* [Your assignment] Gather, from the listing beneath this task, every line holding the string "also".

* [Information provided]
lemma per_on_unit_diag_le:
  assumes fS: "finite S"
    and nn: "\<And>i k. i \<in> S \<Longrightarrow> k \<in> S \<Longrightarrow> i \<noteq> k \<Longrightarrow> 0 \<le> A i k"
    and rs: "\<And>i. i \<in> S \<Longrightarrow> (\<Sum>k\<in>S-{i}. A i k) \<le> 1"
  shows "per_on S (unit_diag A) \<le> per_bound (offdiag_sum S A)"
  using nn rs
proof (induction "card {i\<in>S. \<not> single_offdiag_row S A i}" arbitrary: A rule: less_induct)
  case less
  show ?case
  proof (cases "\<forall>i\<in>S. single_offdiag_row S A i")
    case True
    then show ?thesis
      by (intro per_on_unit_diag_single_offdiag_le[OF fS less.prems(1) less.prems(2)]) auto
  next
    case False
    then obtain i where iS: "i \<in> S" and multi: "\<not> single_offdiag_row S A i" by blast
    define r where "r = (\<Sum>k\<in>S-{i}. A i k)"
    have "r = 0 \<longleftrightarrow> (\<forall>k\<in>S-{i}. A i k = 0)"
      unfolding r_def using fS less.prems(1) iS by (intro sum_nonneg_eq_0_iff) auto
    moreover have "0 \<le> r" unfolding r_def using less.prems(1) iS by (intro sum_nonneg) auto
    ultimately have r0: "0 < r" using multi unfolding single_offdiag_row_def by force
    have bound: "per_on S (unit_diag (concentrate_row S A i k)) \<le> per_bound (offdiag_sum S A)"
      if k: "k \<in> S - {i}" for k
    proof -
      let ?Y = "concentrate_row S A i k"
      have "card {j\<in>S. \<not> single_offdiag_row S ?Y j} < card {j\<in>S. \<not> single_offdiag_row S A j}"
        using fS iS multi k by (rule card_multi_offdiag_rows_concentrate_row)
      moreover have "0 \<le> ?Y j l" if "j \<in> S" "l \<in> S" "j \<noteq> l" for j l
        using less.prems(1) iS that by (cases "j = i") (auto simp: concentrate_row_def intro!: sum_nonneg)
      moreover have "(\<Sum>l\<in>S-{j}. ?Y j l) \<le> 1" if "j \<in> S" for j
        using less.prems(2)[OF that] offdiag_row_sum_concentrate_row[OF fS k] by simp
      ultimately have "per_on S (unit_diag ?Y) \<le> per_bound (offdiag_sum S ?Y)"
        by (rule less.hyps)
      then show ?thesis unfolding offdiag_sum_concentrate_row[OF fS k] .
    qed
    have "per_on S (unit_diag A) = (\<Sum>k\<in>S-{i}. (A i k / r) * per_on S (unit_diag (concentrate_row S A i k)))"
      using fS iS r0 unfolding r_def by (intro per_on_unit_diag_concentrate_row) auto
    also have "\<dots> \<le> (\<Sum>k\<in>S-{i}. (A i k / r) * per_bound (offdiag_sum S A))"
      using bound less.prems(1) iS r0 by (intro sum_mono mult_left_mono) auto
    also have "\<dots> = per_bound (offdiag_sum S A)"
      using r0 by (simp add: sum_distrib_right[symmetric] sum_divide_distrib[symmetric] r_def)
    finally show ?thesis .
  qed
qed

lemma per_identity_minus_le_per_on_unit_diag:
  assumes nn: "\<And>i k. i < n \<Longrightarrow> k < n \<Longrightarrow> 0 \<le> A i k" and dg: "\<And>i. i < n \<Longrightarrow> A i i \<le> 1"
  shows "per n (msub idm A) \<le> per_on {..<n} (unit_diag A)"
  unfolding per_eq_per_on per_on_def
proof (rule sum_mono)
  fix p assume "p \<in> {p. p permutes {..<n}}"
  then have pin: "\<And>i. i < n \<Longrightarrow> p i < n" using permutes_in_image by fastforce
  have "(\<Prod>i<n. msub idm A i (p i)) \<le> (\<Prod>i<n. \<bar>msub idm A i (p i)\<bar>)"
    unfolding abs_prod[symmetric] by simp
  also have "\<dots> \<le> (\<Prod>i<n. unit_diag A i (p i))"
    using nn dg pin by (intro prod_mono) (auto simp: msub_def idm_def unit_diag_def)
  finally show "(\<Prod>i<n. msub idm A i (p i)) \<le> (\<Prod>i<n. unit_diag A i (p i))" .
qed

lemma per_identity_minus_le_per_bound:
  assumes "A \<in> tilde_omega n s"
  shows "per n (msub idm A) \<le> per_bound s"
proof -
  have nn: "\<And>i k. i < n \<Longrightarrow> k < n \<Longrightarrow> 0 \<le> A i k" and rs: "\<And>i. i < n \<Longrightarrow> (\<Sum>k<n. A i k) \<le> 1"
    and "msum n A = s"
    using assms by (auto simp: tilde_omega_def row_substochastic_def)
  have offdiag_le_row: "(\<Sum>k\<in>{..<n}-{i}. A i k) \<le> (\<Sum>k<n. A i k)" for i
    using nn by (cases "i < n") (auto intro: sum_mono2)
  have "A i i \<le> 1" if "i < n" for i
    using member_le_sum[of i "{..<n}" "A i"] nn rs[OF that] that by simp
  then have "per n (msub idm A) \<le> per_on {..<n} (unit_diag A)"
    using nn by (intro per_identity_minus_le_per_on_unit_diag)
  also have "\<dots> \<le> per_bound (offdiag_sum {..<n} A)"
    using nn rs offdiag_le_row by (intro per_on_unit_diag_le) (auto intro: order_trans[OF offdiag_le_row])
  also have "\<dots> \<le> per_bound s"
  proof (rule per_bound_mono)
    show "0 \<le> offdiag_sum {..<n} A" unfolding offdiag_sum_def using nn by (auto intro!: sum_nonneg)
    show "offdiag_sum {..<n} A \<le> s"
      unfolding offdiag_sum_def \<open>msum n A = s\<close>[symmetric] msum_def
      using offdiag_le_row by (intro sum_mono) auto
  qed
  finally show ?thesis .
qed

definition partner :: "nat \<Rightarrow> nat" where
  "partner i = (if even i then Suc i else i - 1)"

* [Answer space]
    also have "\<dots> \<le> (\<Sum>k\<in>S-{i}. (A i k / r) * per_bound (offdiag_sum S A))"
    also have "\<dots> = per_bound (offdiag_sum S A)"
  also have "\<dots> \<le> (\<Prod>i<n. unit_diag A i (p i))"
  also have "\<dots> \<le> per_bound (offdiag_sum {..<n} A)"
  also have "\<dots> \<le> per_bound s"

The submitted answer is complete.